Le violenze sarebbero poi avvenute con il tacito consenso del padre che, pur non partecipando ai riti, era consapevole di quanto accadeva e per questo risulta ora indagato.

La ricostruzione della vicenda è raccapricciante, "I due fratellini, - racconta a Reuters Antonio Caricato, dirigente della Squadra Mobile di Foggia - di 8 e 12 anni, hanno confermato quanto riferito dalle persone informate su ciò che accadeva nella loro casa e hanno raccontato di esser stati violentati da diversi uomini, alla presenza della loro madre, nel corso di riti esoterici",.

Inoltre, hanno poi raccontato che talvolta i riti avvenivano nella loro abitazione; i due fratellini venivano fatti distendere sul letto circondato da candele, intorno a loro tante persone che recitavano parole e frasi incomprensibili.
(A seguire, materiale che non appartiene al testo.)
(* If $G$ is a cyclically $4$-edge-connected cubic bipartite graph with at least $8$ vertices, then every edge of $G$ is contained in at least $3$ perfect matchings of $G$.
   Context: An edge-cut $E(A,B)$ is cyclic if both $G[A]$ and $G[B]$ contain a cycle; $G$ is cyclically $4$-edge-connected if it has no cyclic edge-cut with fewer than four edges. *)

theory Defs
  imports Main
begin

definition graph :: "'a set \<Rightarrow> 'a set set \<Rightarrow> bool" where
  "graph V E \<longleftrightarrow> finite V \<and> (\<forall>e\<in>E. \<exists>u v. u \<noteq> v \<and> u \<in> V \<and> v \<in> V \<and> e = {u, v})"

definition degree :: "'a set set \<Rightarrow> 'a \<Rightarrow> nat" where
  "degree E v = card {e\<in>E. v \<in> e}"

definition cubic :: "'a set \<Rightarrow> 'a set set \<Rightarrow> bool" where
  "cubic V E \<longleftrightarrow> (\<forall>v\<in>V. degree E v = 3)"

definition bipartite :: "'a set \<Rightarrow> 'a set set \<Rightarrow> bool" where
  "bipartite V E \<longleftrightarrow> (\<exists>X Y. X \<union> Y = V \<and> X \<inter> Y = {} \<and>
      (\<forall>e\<in>E. card (e \<inter> X) = 1 \<and> card (e \<inter> Y) = 1))"

definition induced_edges :: "'a set set \<Rightarrow> 'a set \<Rightarrow> 'a set set" where
  "induced_edges E A = {e\<in>E. e \<subseteq> A}"

definition has_cycle :: "'a set \<Rightarrow> 'a set set \<Rightarrow> bool" where
  "has_cycle A F \<longleftrightarrow> (\<exists>vs. length vs \<ge> 3 \<and> distinct vs \<and> set vs \<subseteq> A \<and>
      (\<forall>i < length vs. {vs ! i, vs ! ((i + 1) mod length vs)} \<in> F))"

definition edge_cut :: "'a set set \<Rightarrow> 'a set \<Rightarrow> 'a set \<Rightarrow> 'a set set" where
  "edge_cut E A B = {e\<in>E. e \<inter> A \<noteq> {} \<and> e \<inter> B \<noteq> {}}"

definition cyclic_edge_cut :: "'a set \<Rightarrow> 'a set set \<Rightarrow> 'a set \<Rightarrow> 'a set \<Rightarrow> bool" where
  "cyclic_edge_cut V E A B \<longleftrightarrow> A \<union> B = V \<and> A \<inter> B = {} \<and>
      has_cycle A (induced_edges E A) \<and> has_cycle B (induced_edges E B)"

definition cyclically_4_edge_connected :: "'a set \<Rightarrow> 'a set set \<Rightarrow> bool" where
  "cyclically_4_edge_connected V E \<longleftrightarrow>
     (\<forall>A B. cyclic_edge_cut V E A B \<longrightarrow> card (edge_cut E A B) \<ge> 4)"

definition perfect_matching :: "'a set \<Rightarrow> 'a set set \<Rightarrow> 'a set set \<Rightarrow> bool" where
  "perfect_matching V E M \<longleftrightarrow> M \<subseteq> E \<and> (\<forall>v\<in>V. \<exists>!e. e \<in> M \<and> v \<in> e)"

end

theory Submission
  imports Defs
begin

text \<open>
  The heart of the proof is an expansion property: if \<open>u, x \<in> X\<close> are distinct, every
  nonempty \<open>S \<subseteq> X - {u, x}\<close> has at least \<open>|S| + 2\<close> neighbours. Otherwise both \<open>S \<union> N(S)\<close>
  and its complement span at least as many edges as vertices, hence contain cycles, while
  at most \<open>3|N(S)| - 3|S| \<le> 3\<close> edges leave \<open>S \<union> N(S)\<close>, a cyclic 3-edge-cut. By Hall's
  theorem the expansion property lets any two disjoint edges \<open>uv\<close>, \<open>xy\<close> be extended to a
  perfect matching. Finally, for an edge \<open>e = uv\<close> choose \<open>w \<in> X\<close> not adjacent to \<open>v\<close>;
  the three edges at \<open>w\<close> give three distinct perfect matchings containing \<open>e\<close>.
\<close>

section \<open>Hall's theorem\<close>

definition hall_condition :: "('a \<Rightarrow> 'b set) \<Rightarrow> 'a set \<Rightarrow> bool" where
  "hall_condition N A \<longleftrightarrow> (\<forall>S\<subseteq>A. card S \<le> card (\<Union>(N ` S)))"

definition has_sdr :: "('a \<Rightarrow> 'b set) \<Rightarrow> 'a set \<Rightarrow> bool" where
  "has_sdr N A \<longleftrightarrow> (\<exists>f. inj_on f A \<and> (\<forall>a\<in>A. f a \<in> N a))"

lemma hall_condition_critical_remainder:
  assumes fin: "finite A" "\<forall>a\<in>A. finite (N a)" and hall: "hall_condition N A"
    and S: "S \<subseteq> A" "card S = card (\<Union>(N ` S))"
  shows "hall_condition (\<lambda>a. N a - \<Union>(N ` S)) (A - S)"
  unfolding hall_condition_def
proof (intro allI impI)
  fix T assume T: "T \<subseteq> A - S"
  have fin_T: "finite T" and fin_S: "finite S" using T S(1) fin(1) finite_subset by blast+
  have union: "\<Union>((\<lambda>a. N a - \<Union>(N ` S)) ` T) = \<Union>(N ` (T \<union> S)) - \<Union>(N ` S)" by auto
  have "finite (\<Union>(N ` (T \<union> S)))" using fin(2) T S(1) fin_T fin_S by auto
  then have "card (\<Union>(N ` (T \<union> S)) - \<Union>(N ` S)) = card (\<Union>(N ` (T \<union> S))) - card S"
    using S(2) by (subst card_Diff_subset) (auto intro: finite_subset)
  moreover have "card (T \<union> S) \<le> card (\<Union>(N ` (T \<union> S)))"
    using hall T S(1) unfolding hall_condition_def by blast
  moreover have "card (T \<union> S) = card T + card S"
    using T by (intro card_Un_disjoint fin_T fin_S) blast
  ultimately show "card T \<le> card (\<Union>((\<lambda>a. N a - \<Union>(N ` S)) ` T))"
    unfolding union by linarith
qed

lemma hall_condition_surplus_remainder:
  assumes fin: "finite A" "\<forall>a\<in>A. finite (N a)" and hall: "hall_condition N A"
    and surplus: "\<forall>S. S \<subseteq> A \<and> S \<noteq> {} \<and> S \<noteq> A \<longrightarrow> card S < card (\<Union>(N ` S))"
    and a: "a \<in> A"
  shows "hall_condition (\<lambda>x. N x - {b}) (A - {a})"
  unfolding hall_condition_def
proof (intro allI impI)
  fix T assume T: "T \<subseteq> A - {a}"
  show "card T \<le> card (\<Union>((\<lambda>x. N x - {b}) ` T))"
  proof (cases "T = {}")
    case False
    have "card T < card (\<Union>(N ` T))" using surplus T False a by blast
    moreover have "finite (\<Union>(N ` T))" using fin T by (auto intro: finite_subset)
    moreover have "card (\<Union>(N ` T)) - card {b} \<le> card (\<Union>(N ` T) - {b})"
      by (rule diff_card_le_card_Diff) simp
    moreover have "\<Union>((\<lambda>x. N x - {b}) ` T) = \<Union>(N ` T) - {b}" by auto
    ultimately show ?thesis by (simp del: UN_simps)
  qed simp
qed

lemma has_sdr_combine:
  assumes "S \<subseteq> A" "has_sdr N S" "has_sdr (\<lambda>a. N a - \<Union>(N ` S)) (A - S)"
  shows "has_sdr N A"
proof -
  obtain f1 where f1: "inj_on f1 S" "\<forall>a\<in>S. f1 a \<in> N a" using assms(2) unfolding has_sdr_def by blast
  obtain f2 where f2: "inj_on f2 (A - S)" "\<forall>a\<in>A - S. f2 a \<in> N a - \<Union>(N ` S)"
    using assms(3) unfolding has_sdr_def by blast
  define f where "f a = (if a \<in> S then f1 a else f2 a)" for a
  have apart: "f1 a \<noteq> f2 a'" if "a \<in> S" "a' \<in> A - S" for a a'
  proof -
    have "f1 a \<in> \<Union>(N ` S)" using f1(2) that(1) by blast
    moreover have "f2 a' \<notin> \<Union>(N ` S)" using f2(2) that(2) by blast
    ultimately show ?thesis by metis
  qed
  have "inj_on f A"
  proof (rule inj_onI)
    fix a a' assume "a \<in> A" "a' \<in> A" "f a = f a'"
    then show "a = a'" using f1(1) f2(1) apart apart[symmetric] unfolding f_def
      by (cases "a \<in> S"; cases "a' \<in> S") (auto dest: inj_onD)
  qed
  moreover have "\<forall>a\<in>A. f a \<in> N a" using f1(2) f2(2) unfolding f_def by auto
  ultimately show ?thesis unfolding has_sdr_def by blast
qed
La ricompensa per i due bambini era di 1-2 euro mentre per la mamma 100 euro.
La donna, che si prostituiva anch'essa e addescava per strada i clienti (spesso anche minorenni), dovrà rispondere alle accuse di induzione, agevolazione e sfruttamento della prostituzione di minori.

La polizia ha scoperto la violenta realtà mediante una segnalazione dei servizi sociali, che già da due anni avevano provveduto ad allontanare i fratellini dalla famiglia che viveva a Basso Tavoliere, affidandoli ad una comunità protetta dove vivono tuttora.